We snatched at our satchel to make sure it was still securely there and ran, no longer bothering to see where we were going or whether the cars would stop when we crossed the road; no need to ask or look we felt the brakes pressing into our flesh, although when we had last checked our arms werent made of tyre rubber. We heard the echo of our footsteps from the drains underneath where we were nibbling on dropped chow mein in a cardboard box; we saw ourself running past the side of St Martin in-the-Fields, looking down from our nest in the high gutter of the tall white houses with the big shuttered windows and the poor insulation in the roof that helped keep us warm when it rained we knew we were running, by all these signs.

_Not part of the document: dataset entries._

lemma r_ratio_antimono: "\<forall>k\<in>{1..<d}. r k / \<gamma> k \<ge> r (k+1) / \<gamma> (k+1)"
proof
  have "q1 \<le> r 1"
    using q1_le_gamma_1 gamma_pos[of 1] by (simp add: r_def field_simps)
  then have r_1: "q1 / \<gamma> 1 \<le> r 1 / \<gamma> 1"
    using gamma_pos[of 1] by (simp add: divide_right_mono)
  have r_k: "r k / \<gamma> k = q1 / \<gamma> 1" if "k \<noteq> 1" for k
    using that gamma_pos[of k] by (simp add: r_def)
  fix k assume "k \<in> {1..<d}"
  then show "r (k+1) / \<gamma> (k+1) \<le> r k / \<gamma> k"
    using r_1 r_k[of "k+1"] r_k[of k] by (cases "k = 1") auto
qed

lemma q_ground_vertex_under_p: "under_zonotope d \<Gamma> p (\<Gamma> 1) q1"
proof (rule under_zonotopeI[where w = "\<lambda>k. if k = 1 then 1 else 0"])
  have "(\<Sum>k=1..d. (if k = 1 then 1 else 0) * f k) = f 1" for f :: "nat \<Rightarrow> real"
    using d_pos by (simp add: sum_delta_mult)
  then show "(\<Sum>k=1..d. (if k = 1 then 1 else 0) * \<Gamma> k) = \<Gamma> 1"
    and "q1 \<le> (\<Sum>k=1..d. (if k = 1 then 1 else 0) * p k)"
    using q1_le_p_1 by simp_all
qed simp

lemma q_excited_vertex_under_p: "under_zonotope d \<Gamma> p (1 - \<Gamma> 1) (1 - q1)"
proof -
  define w where "w k = 1 - (if k = d-1 then \<theta> else 0) - (if k = d then 1 else 0)" for k
  have "(\<Sum>k=1..d. w k * f k) = (\<Sum>k=1..d. f k) - \<theta> * f (d-1) - f d" for f :: "nat \<Rightarrow> real"
  proof -
    have "(\<Sum>k=1..d. w k * f k) = (\<Sum>k=1..d. f k)
        - (\<Sum>k=1..d. (if k = d-1 then \<theta> else 0) * f k)
        - (\<Sum>k=1..d. (if k = d then 1 else 0) * f k)"
      unfolding w_def left_diff_distrib sum_subtractf by simp
    also have "\<dots> = (\<Sum>k=1..d. f k) - \<theta> * f (d-1) - f d"
      using d by (subst (1 2) sum_delta_mult) auto
    finally show ?thesis .
  qed
  then show ?thesis
    using theta_nonneg theta_lt_1 theta_Gamma d Gamma_sum p_sum
    by (intro under_zonotopeI[of d w]) (auto simp: w_def q1_def)
qed
(* Let $G\in\mathbb{F}_q^{m\times n}$ have rank $m\le n$, and let $\mathcal{X}$ be a $k$-dimensional affine source over $\mathbb{F}_q^n$, i.e. uniform on $a+V$ for a $k$-dimensional subspace $V\subseteq\mathbb{F}_q^n$ and $a\in\mathbb{F}_q^n$, such that for $X\sim\mathcal{X}$ the distribution of $G\cdot X^\top$ has entropy at least $k'\log q$ (i.e., the linear map defined by $G$ is a $(k\log q)\to_0(k'\log q)$ condenser for $\mathcal{X}$). Let $H\in\mathbb{F}_q^{(n-m)\times n}$ have rank $n-m$ and satisfy $GH^\top=0$, and let $\mathcal{Y}$ be the $(n-k)$-dimensional affine source uniform on $b+V^\perp$ for some $b\in\mathbb{F}_q^n$, where $V^\perp=\{y\in\mathbb{F}_q^n: y\cdot v^\top=0\ \forall v\in V\}$. Then for $Y\sim\mathcal{Y}$, the distribution of $H\cdot Y^\top$ has entropy at least $(n-k+k'-m)\log q$.
   Context: Logarithms are base 2. The image of an affine source under a linear map is uniform on an affine subspace, so its (Shannon and min-) entropy equals $\log_2$ of the size of that affine subspace. *)

theory Defs
  imports "HOL-Analysis.Analysis" "HOL-Probability.Probability_Mass_Function"
begin

definition shannon_entropy :: "'b pmf \<Rightarrow> real" where
  "shannon_entropy p = (\<Sum>x\<in>set_pmf p. - pmf p x * log 2 (pmf p x))"

definition dotp :: "'a::comm_ring^'n \<Rightarrow> 'a^'n \<Rightarrow> 'a" where
  "dotp y v = (\<Sum>i\<in>UNIV. y $ i * v $ i)"

definition perp :: "('a::comm_ring^'n) set \<Rightarrow> ('a^'n) set" where
  "perp V = {y. \<forall>v\<in>V. dotp y v = 0}"

definition affine_source :: "'a::{finite,ab_group_add}^'n \<Rightarrow> ('a^'n) set \<Rightarrow> ('a^'n) pmf" where
  "affine_source a V = pmf_of_set ((\<lambda>v. a + v) ` V)"

end

theory Submission
  imports Defs
begin

text \<open>
  Let \<open>K\<close> be the kernel of \<open>G\<close>, of dimension \<open>n - m\<close>. The image of the uniform
  distribution on \<open>a + S\<close> under a linear map \<open>M\<close> is uniform on a coset of \<open>M S\<close>, so its entropy
  is \<open>(dim S - dim (S \<inter> ker M)) log q\<close>. The rows of \<open>H\<close> lie in \<open>K\<close> and span a space of
  dimension \<open>n - m\<close>, hence they span \<open>K\<close> and \<open>ker H = K\<^sup>\<bottom>\<close>. With
  \<open>V\<^sup>\<bottom> \<inter> K\<^sup>\<bottom> = (V + K)\<^sup>\<bottom>\<close>, \<open>dim W\<^sup>\<bottom> = n - dim W\<close> and the dimension formula for
  \<open>V + K\<close>, the entropy of \<open>H Y\<close> is \<open>(dim K - dim (V \<inter> K)) log q\<close>, while that of \<open>G X\<close> is
  \<open>(dim V - dim (V \<inter> K)) log q \<ge> k' log q\<close>.

  Over a finite field \<open>dim W\<^sup>\<bottom> = n - dim W\<close> is obtained by counting: \<open>A x\<close> is determined by
  the products of \<open>x\<close> with a basis of the row space of \<open>A\<close>, which bounds the size of the column
  space by that of the row space, and applying this to \<open>A\<^sup>T\<close> as well shows row rank = column rank.
\<close>

lemma card_field_ge_2: "CARD('a::{field,finite}) \<ge> 2"
proof -
  have "card {0::'a, 1} \<le> CARD('a)" by (intro card_mono) auto
  then show ?thesis by simp
qed
lemma chatterjee_xi_copM: "chatterjee_xi copM = 1"
proof -
  have inner: "((\<lambda>t. (d1 copM t v)\<^sup>2) has_integral v) {0..1}" if "v \<in> {0..1}" for v
  proof -
    have "((\<lambda>t. (d1 copM t v)\<^sup>2) has_integral min 1 v - min 0 v) {0..1}"
    proof (rule fundamental_theorem_of_calculus_interior_strong[of "{v}"])
      fix t assume "t \<in> {0<..<1} - {v}"
      \<comment> \<open>the slopes of min(-, v) are 0 and 1, so the square of d1 is again its derivative\<close>
      then have "((\<lambda>s. min s v) has_real_derivative (d1 copM t v)\<^sup>2) (at t)"
        using min_has_real_derivative[of t v] d1_eqI[of copM v _ t]
        by (auto simp: copM_def)
      then show "((\<lambda>s. min s v) has_vector_derivative (d1 copM t v)\<^sup>2) (at t)"
        by (simp add: has_real_derivative_iff_has_vector_derivative)
    qed (simp_all add: continuous_on_min continuous_on_id)
    then show ?thesis
      using that by simp
  qed
  have "integral {0..1} (\<lambda>v. integral {0..1} (\<lambda>t. (d1 copM t v)\<^sup>2)) = integral {0..1} (\<lambda>v. v)"
    by (rule integral_cong) (simp add: inner integral_unique)
  then have "chatterjee_xi copM = 6 * integral {0..1} (\<lambda>v. v) - 2"
    by (simp add: chatterjee_xi_def)
  also have "\<dots> = 1"
    using has_integral_power[of 0 1 1] by (simp add: integral_unique)
  finally show ?thesis .
qed

section \<open>Reflection in the first variable\<close>

(* The copula of (1 - U, V) when (U, V) has copula C. *)
definition reflect_copula :: "(real \<Rightarrow> real \<Rightarrow> real) \<Rightarrow> real \<Rightarrow> real \<Rightarrow> real" where
  "reflect_copula C u v = v - C (1 - u) v"

lemma reflect_reflect_copula [simp]: "reflect_copula (reflect_copula C) = C"
  by (simp add: reflect_copula_def fun_eq_iff)

lemma reflect_copula_copM: "reflect_copula copM = copW"
  by (auto simp: reflect_copula_def copM_def copW_def fun_eq_iff min_def max_def)

lemma reflect_copula_copW: "reflect_copula copW = copM"
  using reflect_reflect_copula[of copM] by (simp add: reflect_copula_copM)

lemma reflect_copula_copPi: "reflect_copula copPi = copPi"
  by (simp add: reflect_copula_def copPi_def fun_eq_iff algebra_simps)

lemma eq_on_square_reflect_copula:
  "eq_on_square C D \<Longrightarrow> eq_on_square (reflect_copula C) (reflect_copula D)"
  by (simp add: eq_on_square_def reflect_copula_def)

lemma eq_on_square_reflect_copula_iff:
  "eq_on_square (reflect_copula C) D \<longleftrightarrow> eq_on_square C (reflect_copula D)"
  using eq_on_square_reflect_copula[of "reflect_copula C" D]
    eq_on_square_reflect_copula[of C "reflect_copula D"]
  by auto

lemma copula_reflect_copula:
  assumes "copula C"
  shows "copula (reflect_copula C)"
  unfolding copula_def
proof (intro conjI ballI impI)
  fix u :: real
  assume "u \<in> {0..1}"
  then show "reflect_copula C u 0 = 0" "reflect_copula C 0 u = 0"
    "reflect_copula C u 1 = u" "reflect_copula C 1 u = u"
    using copula_margins[OF assms, of u] copula_margins[OF assms, of "1 - u"]
    by (simp_all add: reflect_copula_def)
next
  fix u1 u2 v1 v2 :: real
  assume "u1 \<in> {0..1}" "u2 \<in> {0..1}" "v1 \<in> {0..1}" "v2 \<in> {0..1}" "u1 \<le> u2" "v1 \<le> v2"
  then show "reflect_copula C u2 v2 - reflect_copula C u2 v1 - reflect_copula C u1 v2
      + reflect_copula C u1 v1 \<ge> 0"
    using copula_2_increasing[OF assms, of "1 - u2" "1 - u1" v1 v2]
    by (simp add: reflect_copula_def)
qed

lemma SI_reflect_copula:
  assumes "SD C"
  shows "SI (reflect_copula C)"
  unfolding SI_def
proof
  fix v :: real
  assume "v \<in> {0..1}"
  then have cvx: "convex_on {0..1} (\<lambda>u. C u v)"
    using assms by (simp add: SD_def)
  show "concave_on {0..1} (\<lambda>u. reflect_copula C u v)"
    unfolding concave_on_iff
  proof (intro conjI ballI allI impI)
    fix x y a b :: real
    assume "x \<in> {0..1}" "y \<in> {0..1}" "a \<ge> 0" "b \<ge> 0" "a + b = 1"
    moreover have "1 - (a * x + b * y) = a * (1 - x) + b * (1 - y)"
      using \<open>a + b = 1\<close> by (simp add: algebra_simps)
    ultimately have "C (1 - (a * x + b * y)) v \<le> a * C (1 - x) v + b * C (1 - y) v"
      using cvx by (simp add: convex_on_def)
    moreover have "a * v + b * v = v"
      using \<open>a + b = 1\<close> by (simp flip: distrib_right)
    ultimately show "a * reflect_copula C x v + b * reflect_copula C y v
        \<le> reflect_copula C (a *\<^sub>R x + b *\<^sub>R y) v"
      by (simp add: reflect_copula_def algebra_simps)
  qed simp
qed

We ran towards Trafalgar Square, through the traffic and down the steps into the wide, pedestrianised area around Nelsons Column and the big stone lions crouched on their pedestals. Pigeons scattered towards the Arab Emirates Bank, and Admiralty Arch, embedded with figures of imperial triumph and heaving bosom, and framing a vista of the Mall and Buckingham Palace. Distances changed perspective in the centre of London: only close to did Nelsons Column seem to tower up for ever, whereas from a few hundred yards away it seemed scarcely higher than the rooftops around it. From its broad, stepped base, in equal measure I could feel the buzzing, gaudy excitement of Leicester Square, and taste the sedate, patient, weighty magic of St Jamess Park, even though in my imagination they had always seemed far apart.

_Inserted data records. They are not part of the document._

(* Let $g \in \mathbb{R}$. For all $p, q \in \Delta_d^{\mathcal{S}}$, \[ \ell^\Theta_{\mathrm C,\infty}\bigl(\mathcal G_g(p), \mathcal G_g(q)\bigr) \le \ell^\Theta_{\mathrm C,\infty}(p,q). \] In particular, $\mathcal G := \mathcal G_{\bar r^\pi}$ is non-expansive in $\ell^\Theta_{\mathrm C,\infty}$.
   Context: Finite MDP with state set $\mathcal{S}=\{1,\dots,m\}$, finite action set $\mathcal A$, deterministic reward function $R:\mathcal S\times\mathcal A\to[0,1]$, and a fixed policy $\pi$ inducing a transition matrix $P=(P_{ij})$ on $\mathcal S$ that is irreducible and aperiodic with stationary distribution $\mu$. For $i,j\in\mathcal S$, $R_{ij}$ denotes the (finite-valued, $[0,1]$-valued) random one-step reward conditioned on the transition $i\to j$. The gain is $\bar r^\pi=\sum_i\mu_i\sum_j P_{ij}\mathbb E[R_{ij}]$. For $g\in\mathbb R$, $\nu^{(g)}_{ij}:=\mathrm{Law}(R_{ij}-g)$. $\mathcal P_2(\mathbb R)$ is the set of probability laws on $\mathbb R$ with finite second moment; $\mathcal F^{\mathcal S}$ is the set of families $\eta=(\eta_i)_{i\in\mathcal S}$ with $\eta_i\in\mathcal P_2(\mathbb R)$. The operator $\mathcal T_g:\mathcal F^{\mathcal S}\to\mathcal F^{\mathcal S}$ is $(\mathcal T_g\eta)_i:=\sum_j P_{ij}(\nu^{(g)}_{ij}\ast\eta_j)$ ($\ast$ = convolution). Categorical support: $\Theta=\{\theta_1<\dots<\theta_d\}\subset\mathbb R$ with constant stride $\Delta=\theta_{k+1}-\theta_k>0$. $\Delta_d$ is the probability simplex in $\mathbb R^d$ and $\Delta_d^{\mathcal S}$ the set of families $p=(p_i)_{i\in\mathcal S}$, $p_i\in\Delta_d$. For $u\in\Delta_d$, $c\in\mathbb R$, $\eta^{u,c}:=\sum_{k=1}^d u_k\delta_{\theta_k+c}$, and for $p\in\Delta_d^{\mathcal S}$, $\eta^{p,c}:=(\eta^{p_i,c})_{i\in\mathcal S}$. The categorical projection $\Pi^{\Theta}_{\mathrm C}$ maps a point mass $\delta_x$ to $\delta_{\theta_1}$ if $x\le\theta_1$, to $\delta_{\theta_d}$ if $x\ge\theta_d$, and to $\frac{\theta_{k+1}-x}{\Delta}\delta_{\theta_k}+\frac{x-\theta_k}{\Delta}\delta_{\theta_{k+1}}$ if $\theta_k\le x\le\theta_{k+1}$; it is extended to laws $\eta$ by $\Pi^\Theta_{\mathrm C}\eta=\int\Pi^\Theta_{\mathrm C}\delta_x\,\eta(\mathrm dx)$, and applied statewise to families. For $g\in\mathbb R$ and $p\in\Delta_d^{\mathcal S}$, $\mathcal G_g(p)\in\Delta_d^{\mathcal S}$ is the unique family $q$ with $\Pi^\Theta_{\mathrm C}\bigl((\mathcal T_g\eta^{p,0})_i\bigr)=\eta^{q_i,0}$ for all $i$. Coordinate Cramér metric: for $u\in\Delta_d$, $F_u(\theta_k):=\sum_{j=1}^k u_j$; $\ell^\Theta_{\mathrm C}(u,v)^2:=\Delta\sum_{k=1}^{d-1}(F_u(\theta_k)-F_v(\theta_k))^2$; for $p,q\in\Delta_d^{\mathcal S}$, $\ell^\Theta_{\mathrm C,\infty}(p,q):=\max_{i}\ell^\Theta_{\mathrm C}(p_i,q_i)$. *)

theory Defs
  imports "HOL-Probability.Probability"
begin

text \<open>States are 1..m; the transition kernel of the policy is given row-wise as
  P i :: nat pmf (so P_ij = pmf (P i) j). Rewards R_ij are given by their laws R i j.\<close>

definition stoch_kernel :: "nat \<Rightarrow> (nat \<Rightarrow> nat pmf) \<Rightarrow> bool" where
  "stoch_kernel m P \<longleftrightarrow> (\<forall>i\<in>{1..m}. set_pmf (P i) \<subseteq> {1..m})"

primrec step_pmf :: "(nat \<Rightarrow> nat pmf) \<Rightarrow> nat \<Rightarrow> nat \<Rightarrow> nat pmf" where
  "step_pmf P 0 i = return_pmf i"
| "step_pmf P (Suc n) i = bind_pmf (P i) (\<lambda>j. step_pmf P n j)"

definition irreducible_kernel :: "nat \<Rightarrow> (nat \<Rightarrow> nat pmf) \<Rightarrow> bool" where
  "irreducible_kernel m P \<longleftrightarrow>
     (\<forall>i\<in>{1..m}. \<forall>j\<in>{1..m}. \<exists>n>0. pmf (step_pmf P n i) j > 0)"

definition aperiodic_kernel :: "nat \<Rightarrow> (nat \<Rightarrow> nat pmf) \<Rightarrow> bool" where
  "aperiodic_kernel m P \<longleftrightarrow>
     (\<forall>i\<in>{1..m}. Gcd {n. n > 0 \<and> pmf (step_pmf P n i) i > 0} = (1::nat))"

definition stationary :: "nat \<Rightarrow> (nat \<Rightarrow> nat pmf) \<Rightarrow> (nat \<Rightarrow> real) \<Rightarrow> bool" where
  "stationary m P \<mu> \<longleftrightarrow> (\<forall>i\<in>{1..m}. \<mu> i \<ge> 0) \<and> (\<Sum>i\<in>{1..m}. \<mu> i) = 1 \<and>
     (\<forall>j\<in>{1..m}. \<mu> j = (\<Sum>i\<in>{1..m}. \<mu> i * pmf (P i) j))"

definition gain :: "nat \<Rightarrow> (nat \<Rightarrow> nat pmf) \<Rightarrow> (nat \<Rightarrow> nat \<Rightarrow> real pmf) \<Rightarrow> real" where
  "gain m P R = (let \<mu> = (THE \<mu>. stationary m P \<mu> \<and> (\<forall>i. i \<notin> {1..m} \<longrightarrow> \<mu> i = 0)) in
     (\<Sum>i\<in>{1..m}. \<mu> i * (\<Sum>j\<in>{1..m}. pmf (P i) j * measure_pmf.expectation (R i j) (\<lambda>r. r))))"

definition nu :: "(nat \<Rightarrow> nat \<Rightarrow> real pmf) \<Rightarrow> real \<Rightarrow> nat \<Rightarrow> nat \<Rightarrow> real pmf" where
  "nu R g i j = map_pmf (\<lambda>r. r - g) (R i j)"

definition conv_pmf :: "real pmf \<Rightarrow> real pmf \<Rightarrow> real pmf" where
  "conv_pmf \<nu> \<eta> = bind_pmf \<nu> (\<lambda>x. map_pmf (\<lambda>y. x + y) \<eta>)"

definition T_op :: "(nat \<Rightarrow> nat pmf) \<Rightarrow> (nat \<Rightarrow> nat \<Rightarrow> real pmf) \<Rightarrow> real
    \<Rightarrow> (nat \<Rightarrow> real pmf) \<Rightarrow> (nat \<Rightarrow> real pmf)" where
  "T_op P R g \<eta> i = bind_pmf (P i) (\<lambda>j. conv_pmf (nu R g i j) (\<eta> j))"

definition simplex_d :: "nat \<Rightarrow> (nat \<Rightarrow> real) set" where
  "simplex_d d = {u. (\<forall>k\<in>{1..d}. u k \<ge> 0) \<and> (\<Sum>k\<in>{1..d}. u k) = 1 \<and> (\<forall>k. k \<notin> {1..d} \<longrightarrow> u k = 0)}"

Perhaps because our senses were fired up with fear, again, at Nelsons Column, we felt that focus of magical energy waiting for our attention, sitting at our feet with a big friendly expression and an open maw full of sense, inviting us to forget that we ran or what it was we fled, but to be instead the beggar sitting by the ATM and the actor taking his final bow in the theatre, or even just the hotness in the theatre lights shining down on the stage; whatever we wanted to be, a part of the city.
I ran my fingers across the smooth side of one of the lions and down the rougher edge of the pollution-crunched stone, centring myself with the reality of those textures beneath my hand.
I am
we are
Or perhaps
we am me
Already free, already me. Dont need to fall tonight.

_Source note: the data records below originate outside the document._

lemma tseq_add_period:
  assumes "periodic_from 1 s p"
  shows "tseq s (k + p) = (tseq s p + tseq s k) mod 2"
proof (induction k)
  case 0
  then show ?case by (simp add: tseq_def)
next
  case (Suc k)
  have "s (Suc k + p) = s (Suc k)"
    using assms[unfolded periodic_from_def, rule_format, of "Suc k"] by simp
  with Suc show ?case by (simp add: tseq_Suc mod_add_left_eq mod_add_right_eq add.assoc)
qed

lemma mod_2_eq_tseq_Suc: "s (Suc k) mod 2 = (tseq s (Suc k) + tseq s k) mod 2"
  by (simp add: tseq_Suc) presburger

lemma periodic_from_tseq_imp_mod_2:
  assumes "periodic_from a (tseq s) n"
  shows "periodic_from (Suc a) (\<lambda>k. s k mod 2) n"
  unfolding periodic_from_def
proof (intro allI impI)
  fix k assume "Suc a \<le> k"
  then obtain i where "k = Suc i" "a \<le> i" by (cases k) auto
  then show "s (k + n) mod 2 = s k mod 2"
    using assms[unfolded periodic_from_def, rule_format, of i]
      assms[unfolded periodic_from_def, rule_format, of "Suc i"]
      mod_2_eq_tseq_Suc[of s i] mod_2_eq_tseq_Suc[of s "i + n"]
    by simp
qed

section \<open>The kneading sequences K_j\<close>

lemma K_le_1: "K j k \<le> 1"
proof -
  have "K j k \<in> set (kblock j)"
    by (simp add: K_def)
  then show ?thesis using kblock_01[of j] by auto
qed

lemma K_Suc_eq: "k < 2 ^ Suc j \<Longrightarrow> K (Suc j) k = K j k"
proof (cases k)
  case 0
  \<comment> \<open>by truncated subtraction, K j 0 is the first symbol of the block\<close>
  have "Suc 0 < 2 ^ Suc j" using one_less_power[of "2::nat" "Suc j"] by simp
  then show ?thesis using nth_kblock_Suc[of 0 j] 0 by (simp add: K_def)
qed (use nth_kblock_Suc[of "k - 1" j] in \<open>simp add: K_def\<close>)

lemma K_stable:
  assumes "k < 2 ^ Suc j"
  shows "j \<le> m \<Longrightarrow> K m k = K j k"
proof (induction m rule: dec_induct)
  case (step n)
  have "(2::nat) ^ Suc j \<le> 2 ^ Suc n"
    using step.hyps by (intro power_increasing) auto
  with assms have "k < 2 ^ Suc n" by (rule less_le_trans)
  then show ?case using step.IH K_Suc_eq[of k n] by simp
qed simp

lemma K_periodic: "periodic_from 1 (K j) (2 ^ j)"
  unfolding periodic_from_def
proof (intro allI impI)
  fix k :: nat assume "1 \<le> k"
  then have "k + 2 ^ j - 1 = (k - 1) + 2 ^ j" by simp
  then show "K j (k + 2 ^ j) = K j k" by (simp add: K_def)
qed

Catching my breath, I turned and ran on, up towards the imposing pillared entrance of the National Gallery and its modern, glassy extension, ducking into the small passage between the two and bounding up the steps while in the other direction, skater kids rattled down the ramps and leapt over the shallow steps the other way, spinning their boards and making grunting sounds whether or not their manoeuvre had worked.
Leicester Square, even at this time of the night, hadnt stopped; the doors to the cinemas were still opened wide, though the park with its guardian Charlie Chaplin statue was chained up tight, with the lights of a funfair extinguished. I slowed to a walk and struggled to get my breath; then headed past the Swiss Centre with its terrible clock of musical bells and automated figures, whose tastelessness was, nevertheless, an attraction in itself, being tacky enough to embody the spirit of the whole area. I hurried past ticket touts and music shops, and vendors of woolly hats, umbrellas and plaster models of the Houses of Parliament, until I reached Piccadilly Circus. Traffic whooshed up Shaftesbury Avenue, or slogged resentfully the other way. I slowed to an amble, and paused by the sculpted horses exploding out of their fountain on one side of Piccadilly Circus. Running my fingers through the water, I watched the reflection on a hundred pennies at the bottom, as they caught the lights from the flashing billboards over head, reflecting from red to blue to gold to green to burning white as the messages rolled in their metres-high illuminated font. I dug in my bag until I found the jewellers little purple box from Bond Street, then took out the single gold coin, heavy and cool in my palm. If you didnt know it was gold you might have thought it was just a tacky plastic badge painted a certain colour; but there was no doubting the weight, or the texture of the metal. I closed my eyes, gripped it until my fingers hurt, and made a wish. Then, still holding it in my clenched fist, I stuck my arm into the water up to the elbow joint, and let the coin go.